**TASK REQUIREMENTS**
Entries follow. Give back exactly the lines starting at the one containing "nonnegative Lipschitz function" and ending at the one containing "by (meson DERIV_isCont", and no other lines.

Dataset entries
=== Section Start ===

(* In the setting of the context, $K_1(\theta_0,\theta_0+c)\downarrow K_1$ and $K_1(\theta_0-c,\theta_0)\downarrow K_1$ as $c\downarrow0$.
   Context: Let $G\in\mathrm{C}^2(\mathbb{R})$ be coercive ($G(p)\to\infty$ as $p\to\pm\infty$), $p_1<p_2$ with $G'(p_1)<0<G'(p_2)$, $L=\frac{G'(p_2)}{G'(p_2)-G'(p_1)}$, $\ell\in(0,\min\{L,1-L\})$, and $K_1=\max\{|G'(p)|:\,p\in[p_1,p_2]\}$. Let $f$ be a $1$-periodic function in $\mathrm{C}^1(\mathbb{R})$ with $f'$ Lipschitz, $p_1\le f\le p_2$, $f=p_1$ on $[0,L-\ell]$, $f=p_2$ on $[L,1-\ell]$, and $\int_0^1G'(f(x))dx=0$. Define the $1$-periodic Lipschitz potential $V(x)=-f'(x)-G(f(x))$ and $\theta_0=\int_0^1f(x)dx$. For each $\theta\in\mathbb{R}$, $f_\theta\in\mathrm{C}^1(\mathbb{R})$ denotes the unique $1$-periodic function with $\int_0^1f_\theta=\theta$ and $f_\theta'+G(f_\theta)+V=\overline{H}(\theta)$ on $\mathbb{R}$ for some (unique) constant $\overline{H}(\theta)$. For $\theta_1<\theta_2$, $K_1(\theta_1,\theta_2)=\max\{|G'(p)|:\,\min_{[0,1]}f_{\theta_1}\le p\le\max_{[0,1]}f_{\theta_2}\}$. *)

theory Defs
  imports "HOL-Analysis.Analysis"
begin

text \<open>K_1(theta1,theta2) = max{|G'(p)| : min f_theta1 <= p <= max f_theta2},
  where F theta is the cell solution f_theta (a 1-periodic continuous function,
  so min/max over [0,1] are Inf/Sup of its image of {0..1}).\<close>
definition K1_pair :: "(real \<Rightarrow> real) \<Rightarrow> (real \<Rightarrow> real \<Rightarrow> real) \<Rightarrow> real \<Rightarrow> real \<Rightarrow> real" where
  "K1_pair G' F \<theta>1 \<theta>2 =
     Sup ((\<lambda>p. \<bar>G' p\<bar>) ` {Inf (F \<theta>1 ` {0..1}) .. Sup (F \<theta>2 ` {0..1})})"

end

theory Submission
  imports Defs
begin

text \<open>
  Periodic solutions of the cell problem u' + G(u) + V = const are ordered like their means:
  if u > v somewhere although u has the smaller mean, then u - v changes sign, a downward and an
  upward crossing of zero force the two constants to agree, and Gronwall's inequality (G being
  locally Lipschitz) then makes u - v vanish identically.
  The derivative of a periodic solution vanishes at a maximum, which bounds the constant and hence
  the derivative, so solutions whose means lie in a bounded interval are uniformly Lipschitz.
  As the family is ordered, the integral of |f_s - f_t| over a period is |s - t|, and a
  nonnegative Lipschitz function with small integral is uniformly small. Hence theta maps
  continuously to f_theta in the sup norm, f_theta0 = f, and min f_theta, max f_theta are monotone
  and continuous in theta; so is the maximum of |G'| over [min f_theta1, max f_theta2].
\<close>

lemma has_real_derivative_imp_continuous_on:
  assumes "\<And>x. (u has_real_derivative u' x) (at x)"
  shows "continuous_on S u"
  by (meson DERIV_isCont assms continuous_at_imp_continuous_on)

lemma lipschitz_on_if_abs_deriv_le:
  assumes "\<And>x. x \<in> {a..b} \<Longrightarrow> (g has_real_derivative g' x) (at x)"
    and "\<And>x. x \<in> {a..b} \<Longrightarrow> \<bar>g' x\<bar> \<le> M" and "0 \<le> M"
  shows "M-lipschitz_on {a..b} g"
proof (rule lipschitz_onI)
  fix x y assume "x \<in> {a..b}" "y \<in> {a..b}"
  then show "dist (g x) (g y) \<le> M * dist x y"
    using field_differentiable_bound[of "{a..b}" g g' M x y] assms
    by (auto simp: dist_real_def has_field_derivative_at_within)
qed fact

lemma continuous_on_if_lipschitz_estimate:
  fixes g :: "real \<Rightarrow> real"
  assumes "\<And>x y. \<bar>g x - g y\<bar> \<le> C * \<bar>x - y\<bar>"
  shows "continuous_on S g"
proof -
  have "\<bar>C\<bar>-lipschitz_on UNIV g"
    by (intro lipschitz_onI)
      (simp_all add: dist_real_def order_trans[OF assms mult_right_mono[OF abs_ge_self abs_ge_zero]])
  then show ?thesis
    by (rule continuous_on_subset[OF lipschitz_on_continuous_on subset_UNIV])
qed

section \<open>Maxima over moving intervals and under uniform convergence\<close>

lemma bdd_above_image_atLeastAtMost:
  fixes h :: "real \<Rightarrow> real"
  assumes "continuous_on UNIV h"
  shows "bdd_above (h ` {a..b})"
  using assms by (intro bounded_imp_bdd_above compact_imp_bounded compact_continuous_image)
    (auto intro: continuous_on_subset)

lemma Sup_image_atLeastAtMost_mono:
  fixes h :: "real \<Rightarrow> real"
  assumes "continuous_on UNIV h" and "a \<le> b" "a' \<le> a" "b \<le> b'"
  shows "Sup (h ` {a..b}) \<le> Sup (h ` {a'..b'})"
  using assms by (intro cSup_subset_mono bdd_above_image_atLeastAtMost) auto

lemma tendsto_Sup_image_atLeastAtMost:
  fixes h :: "real \<Rightarrow> real"
  assumes h: "continuous_on UNIV h" and "a \<le> b"
    and r: "(r \<longlongrightarrow> a) F" and s: "(s \<longlongrightarrow> b) F"
    and outside: "\<forall>\<^sub>F x in F. r x \<le> a \<and> b \<le> s x"
  shows "((\<lambda>x. Sup (h ` {r x..s x})) \<longlongrightarrow> Sup (h ` {a..b})) F"
proof (rule tendstoI)
  fix e :: real assume "0 < e"
  have "isCont h a" "isCont h b"
    using h by (simp_all add: continuous_on_eq_continuous_at)
  then obtain d where "0 < d"
    and d: "\<And>p. \<bar>p - a\<bar> < d \<Longrightarrow> \<bar>h p - h a\<bar> < e/2" "\<And>p. \<bar>p - b\<bar> < d \<Longrightarrow> \<bar>h p - h b\<bar> < e/2"
    using \<open>0 < e\<close> unfolding continuous_at_eps_delta dist_real_def
    by (metis (full_types) half_gt_zero_iff min_less_iff_conj)
  have "\<forall>\<^sub>F x in F. dist (r x) a < d" "\<forall>\<^sub>F x in F. dist (s x) b < d"
    using tendstoD[OF r \<open>0 < d\<close>] tendstoD[OF s \<open>0 < d\<close>] by auto
  with outside show "\<forall>\<^sub>F x in F. dist (Sup (h ` {r x..s x})) (Sup (h ` {a..b})) < e"
  proof eventually_elim
    case (elim x)
    have ab: "h a \<le> Sup (h ` {a..b})" "h b \<le> Sup (h ` {a..b})"
      using \<open>a \<le> b\<close> by (auto intro!: cSup_upper bdd_above_image_atLeastAtMost h)
    have "h p \<le> Sup (h ` {a..b}) + e/2" if "p \<in> {r x..s x}" for p
    proof -
      consider "p < a" | "b < p" | "p \<in> {a..b}" by fastforce
      then show ?thesis
      proof cases
        case 1
        then have "\<bar>h p - h a\<bar> < e/2" using d(1) elim that by (auto simp: dist_real_def)
        then show ?thesis using ab by linarith
      next
        case 2
        then have "\<bar>h p - h b\<bar> < e/2" using d(2) elim that by (auto simp: dist_real_def)
        then show ?thesis using ab by linarith
      next
        case 3
        then have "h p \<le> Sup (h ` {a..b})"
          by (auto intro!: cSup_upper bdd_above_image_atLeastAtMost h)
        then show ?thesis using \<open>0 < e\<close> by linarith
      qed
    qed
    then have "Sup (h ` {r x..s x}) \<le> Sup (h ` {a..b}) + e/2"
      using elim \<open>a \<le> b\<close> by (intro cSup_least) auto
    moreover have "Sup (h ` {a..b}) \<le> Sup (h ` {r x..s x})"
      using elim \<open>a \<le> b\<close> by (intro Sup_image_atLeastAtMost_mono h) auto
    ultimately show ?case using \<open>0 < e\<close> by (simp add: dist_real_def)
  qed
qed

lemma tendsto_Sup_image_if_uniform_limit:
  fixes g :: "'a \<Rightarrow> 'b \<Rightarrow> real"
  assumes lim: "uniform_limit S g l F" and "S \<noteq> {}"
    and bdd: "\<And>c. bdd_above (g c ` S)" and "bdd_above (l ` S)"
  shows "((\<lambda>c. Sup (g c ` S)) \<longlongrightarrow> Sup (l ` S)) F"
proof (rule tendstoI)
  fix e :: real assume "0 < e"
  from uniform_limitD[OF lim, of "e/2"] \<open>0 < e\<close>
  have "\<forall>\<^sub>F c in F. \<forall>x\<in>S. \<bar>g c x - l x\<bar> < e/2" by (simp add: dist_real_def)
  then show "\<forall>\<^sub>F c in F. dist (Sup (g c ` S)) (Sup (l ` S)) < e"
  proof eventually_elim
    case (elim c)
    have "Sup (g c ` S) \<le> Sup (l ` S) + e/2"
    proof (rule cSup_least)
      fix y assume "y \<in> g c ` S"
      then obtain x where "x \<in> S" "y = g c x" by blast
      moreover have "l x \<le> Sup (l ` S)"
        using \<open>x \<in> S\<close> \<open>bdd_above (l ` S)\<close> by (auto intro: cSup_upper)
      moreover have "\<bar>g c x - l x\<bar> < e/2" using elim \<open>x \<in> S\<close> by blast
      ultimately show "y \<le> Sup (l ` S) + e/2" by arith
    qed (use \<open>S \<noteq> {}\<close> in auto)
    moreover have "Sup (l ` S) \<le> Sup (g c ` S) + e/2"
    proof (rule cSup_least)
      fix y assume "y \<in> l ` S"
      then obtain x where "x \<in> S" "y = l x" by blast
      moreover have "g c x \<le> Sup (g c ` S)"
        using \<open>x \<in> S\<close> bdd by (auto intro: cSup_upper)
      moreover have "\<bar>g c x - l x\<bar> < e/2" using elim \<open>x \<in> S\<close> by blast
      ultimately show "y \<le> Sup (g c ` S) + e/2" by arith
    qed (use \<open>S \<noteq> {}\<close> in auto)
    ultimately show ?case using \<open>0 < e\<close> by (simp add: dist_real_def)
  qed
qed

=== Section End ===

**RESPONSE TO THIS EXERCISE**
  nonnegative Lipschitz function with small integral is uniformly small. Hence theta maps
  continuously to f_theta in the sup norm, f_theta0 = f, and min f_theta, max f_theta are monotone
  and continuous in theta; so is the maximum of |G'| over [min f_theta1, max f_theta2].
\<close>

lemma has_real_derivative_imp_continuous_on:
  assumes "\<And>x. (u has_real_derivative u' x) (at x)"
  shows "continuous_on S u"
  by (meson DERIV_isCont assms continuous_at_imp_continuous_on)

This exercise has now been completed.